The second cohort of 12 patients will receive 50mg of ABX464 for three months in addition to their antiretroviral treatment. Similar to the first cohort, patients will undergo rectal biopsies at pre-specified intervals to quantify the change in viral load and level of inflammation over the three-month time period. The first patient of the second cohort was dosed at the Germans Trias i Pujol University Hospital Badalona in Barcelona, Spain. Initial results of the second cohort are expected in the second quarter of 2018.
The results of this study are being submitted to major international HIV conferences.

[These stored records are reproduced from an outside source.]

text \<open>
  Let \<open>\<tau> = inv \<sigma>\<close>, so that coordinate \<open>p\<close> is overwritten at step \<open>\<tau> p\<close> by a copy of its
  right neighbour. Chasing the copies, after the sweep \<open>p\<close> holds the initial value of coordinate
  \<open>p + m\<close>, where \<open>m \<ge> 1\<close> is the first offset with \<open>\<tau> (p + m - 1) < \<tau> (p + m)\<close>: a sweep pulls
  the state back along the random map \<open>source L \<tau>\<close>. So the state at time \<open>n\<close> is the initial
  state pulled back along a composite of \<open>n\<close> independent such maps, and the chain is absorbed
  once this composite identifies every pair of neighbours \<open>t, t + 1\<close>.

  Follow two positions \<open>x \<noteq> y\<close> under the independent maps. The potential \<open>d (L - d)\<close> of their
  cyclic distance \<open>d\<close> drops by at least \<open>1/4\<close> in expectation per step while they are apart: the
  change of \<open>d\<close> is the difference of the two ascent offsets, which has mean zero by rotation
  invariance of the uniform permutation and is nonzero with probability at least \<open>1/4\<close>. Since the
  potential is at most \<open>L\<^sup>2/4\<close>, the pair is still apart after \<open>2 L\<^sup>2\<close> steps with probability
  at most \<open>1/2\<close>, hence after \<open>2 a L\<^sup>2\<close> steps with probability at most \<open>2\<^sup>-\<^sup>a\<close>; a union
  bound over the \<open>L - 1\<close> neighbouring pairs finishes the proof.
\<close>

section \<open>Ascents of the update order\<close>

definition ascent :: "nat \<Rightarrow> (nat \<Rightarrow> nat) \<Rightarrow> nat \<Rightarrow> nat \<Rightarrow> bool" where
  "ascent L \<tau> p k \<longleftrightarrow> 1 \<le> k \<and> \<tau> ((p + k - 1) mod L) < \<tau> ((p + k) mod L)"

definition ascent_offset :: "nat \<Rightarrow> (nat \<Rightarrow> nat) \<Rightarrow> nat \<Rightarrow> nat" where
  "ascent_offset L \<tau> p = (LEAST k. ascent L \<tau> p k)"

definition source :: "nat \<Rightarrow> (nat \<Rightarrow> nat) \<Rightarrow> nat \<Rightarrow> nat" where
  "source L \<tau> p = (p + ascent_offset L \<tau> p) mod L"

lemma Suc_mod_neq: "2 \<le> L \<Longrightarrow> Suc n mod L \<noteq> n mod L"
  using mod_eq_dvd_iff_nat[of n "Suc n" L] by auto

lemma Suc_mod_eq_iff: "x < L \<Longrightarrow> y < L \<Longrightarrow> Suc x mod L = Suc y mod L \<longleftrightarrow> x = y"
  by (auto simp: mod_Suc split: if_splits)

lemma ascent_exists:
  assumes perm: "\<tau> permutes {0..<L}" and L: "2 \<le> L"
  shows "\<exists>k. ascent L \<tau> p k"
proof -
  define h where "h k = \<tau> ((p + k) mod L)" for k
  have "Max (h ` {1..L}) \<in> h ` {1..L}"
    using L by (intro Max_in) auto
  then obtain k where k: "k \<in> {1..L}" "h k = Max (h ` {1..L})"
    by (metis imageE)
  have max: "h j \<le> h k" if "j \<in> {1..L}" for j
    using k(2) that by simp
  have "h (k - 1) \<le> h k"
  proof (cases "k = 1")
    case True
    then show ?thesis using max[of L] L by (simp add: h_def)
  next
    case False
    then have "k - 1 \<in> {1..L}"
      using k(1) by auto
    then show ?thesis using max by simp
  qed
  moreover have "h (k - 1) \<noteq> h k"
  proof -
    have "(p + (k - 1)) mod L \<noteq> (p + k) mod L"
      using Suc_mod_neq[OF L, of "p + (k - 1)"] k(1) by simp
    then show ?thesis
      unfolding h_def using permutes_inj[OF perm] by (auto dest: injD)
  qed
  ultimately show ?thesis
    using k(1) by (auto simp: ascent_def h_def)
qed

lemma
  assumes "\<tau> permutes {0..<L}" "2 \<le> L"
  shows ascent_ascent_offset: "ascent L \<tau> p (ascent_offset L \<tau> p)"
    and ascent_offset_ge_1: "1 \<le> ascent_offset L \<tau> p"
proof -
  obtain k where k: "ascent L \<tau> p k"
    using ascent_exists[OF assms] ..
  show "ascent L \<tau> p (ascent_offset L \<tau> p)"
    unfolding ascent_offset_def using k by (rule LeastI)
  then show "1 \<le> ascent_offset L \<tau> p"
    by (simp add: ascent_def)
qed

lemma ascent_shift:
  assumes "(x + d) mod L = y mod L" and "1 \<le> k"
  shows "ascent L \<tau> x (d + k) \<longleftrightarrow> ascent L \<tau> y k"
proof -
  have "(x + (d + j)) mod L = (y + j) mod L" for j
    using mod_add_left_eq[of "x + d" L j] mod_add_left_eq[of y L j] assms(1)
    by (simp add: add.assoc)
  from this[of "k - 1"] this[of k] assms(2) show ?thesis
    by (simp add: ascent_def)
qed

lemma ascent_Suc_iff:
  "ascent L \<tau> x (Suc k) \<longleftrightarrow>
     (k = 0 \<and> \<tau> (x mod L) < \<tau> ((x + 1) mod L)) \<or> ascent L \<tau> ((x + 1) mod L) k"
proof (cases k)
  case 0
  then show ?thesis by (simp add: ascent_def)
next
  case (Suc k')
  then show ?thesis
    using ascent_shift[of x 1 L "(x + 1) mod L" k \<tau>] by simp
qed

lemma ascent_offset_shift:
  assumes "\<tau> permutes {0..<L}" "2 \<le> L" and "(x + d) mod L = y mod L"
  shows "ascent_offset L \<tau> x \<le> d + ascent_offset L \<tau> y"
  unfolding ascent_offset_def
  using ascent_shift[OF assms(3) ascent_offset_ge_1[OF assms(1,2)]]
    ascent_ascent_offset[OF assms(1,2), of y]
  by (intro Least_le) (simp add: ascent_offset_def)

lemma ascent_offset_Suc:
  assumes "\<tau> permutes {0..<L}" "2 \<le> L" and "x < L" "\<tau> ((x + 1) mod L) < \<tau> x"
  shows "ascent_offset L \<tau> x = Suc (ascent_offset L \<tau> ((x + 1) mod L))"
proof -
  have "(\<lambda>k. ascent L \<tau> x (Suc k)) = ascent L \<tau> ((x + 1) mod L)"
    using assms(3,4) by (auto simp: fun_eq_iff ascent_Suc_iff)
  moreover have "\<not> ascent L \<tau> x 0"
    by (simp add: ascent_def)
  ultimately show ?thesis
    unfolding ascent_offset_def using ascent_ascent_offset[OF assms(1,2), of x]
    by (simp add: Least_Suc ascent_offset_def)
qed

lemma ascent_offset_eq_1: "ascent L \<tau> x 1 \<Longrightarrow> ascent_offset L \<tau> x = 1"
  unfolding ascent_offset_def by (rule Least_equality) (auto simp: ascent_def)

“Before we received these data we had an exciting trend, now we have solid evidence for the reduction of the HIV reservoir in the blood” said Prof. Hartmut Ehrlich, M.D., CEO of ABIVAX. “The new findings of the ABVX-005 study affirm our commitment and deepen the responsibility we have towards all HIV patients and the HIV community in driving this unique compound forward as rapidly as possible,” he added. “Clearly, more research and clinical evidence are needed to achieve our goal of sustained viral remission, and we are going to strengthen the development of ABX464 by expanding our clinical program.”
WEBCAST PRESENTATION
ABIVAX’s senior management will host a webcast presentation on September 28th, 2017 at 4:00 pm CET (Paris time), to present and discuss the new data. The webcast presentation can be accessed via the following link: https://edge.media-server.com/m6/p/fkrugv6w, and attendees can log on using the following telephone information:
Confirmation Code: 3589226
Participants, Local - Paris, France : |
+33(0)1 76 77 22 28 |
Participants, Local - New York, United States of America: |
+1646 254 3360 |
Participants, Local - London, United Kingdom: |
+44(0)20 3427 1911 |
The UK number is an international number and can be accessed from any country
About ABX464
ABX464, the first drug candidate from ABIVAX’ proprietary antiviral platform, inhibits the HIV replication through a novel mechanism (i.e. the modulation of RNA biogenesis) that may not lead to the development of resistance by the HIV virus, and which may have a sustained effect in patients – as already has been demonstrated in preclinical testing. ABX464 is an orally available small molecule therapeutic candidate. Earlier Phase IIa studies, the results of which were presented at CROI (the Conference on Retroviruses and Opportunistic Infections) in February 2016 and at the IAS (International AIDS Society) Conference in July 2017, showed a dose-dependent response of the viral load of treatment-naïve HIV-patients and a first reduction of the HIV reservoir in the blood of chronically infected, well suppressed HIV patients, respectively. Having been administered to >150 volunteers and patients, ABX464 has a good safety and tolerability profile with no serious and or/severe adverse events.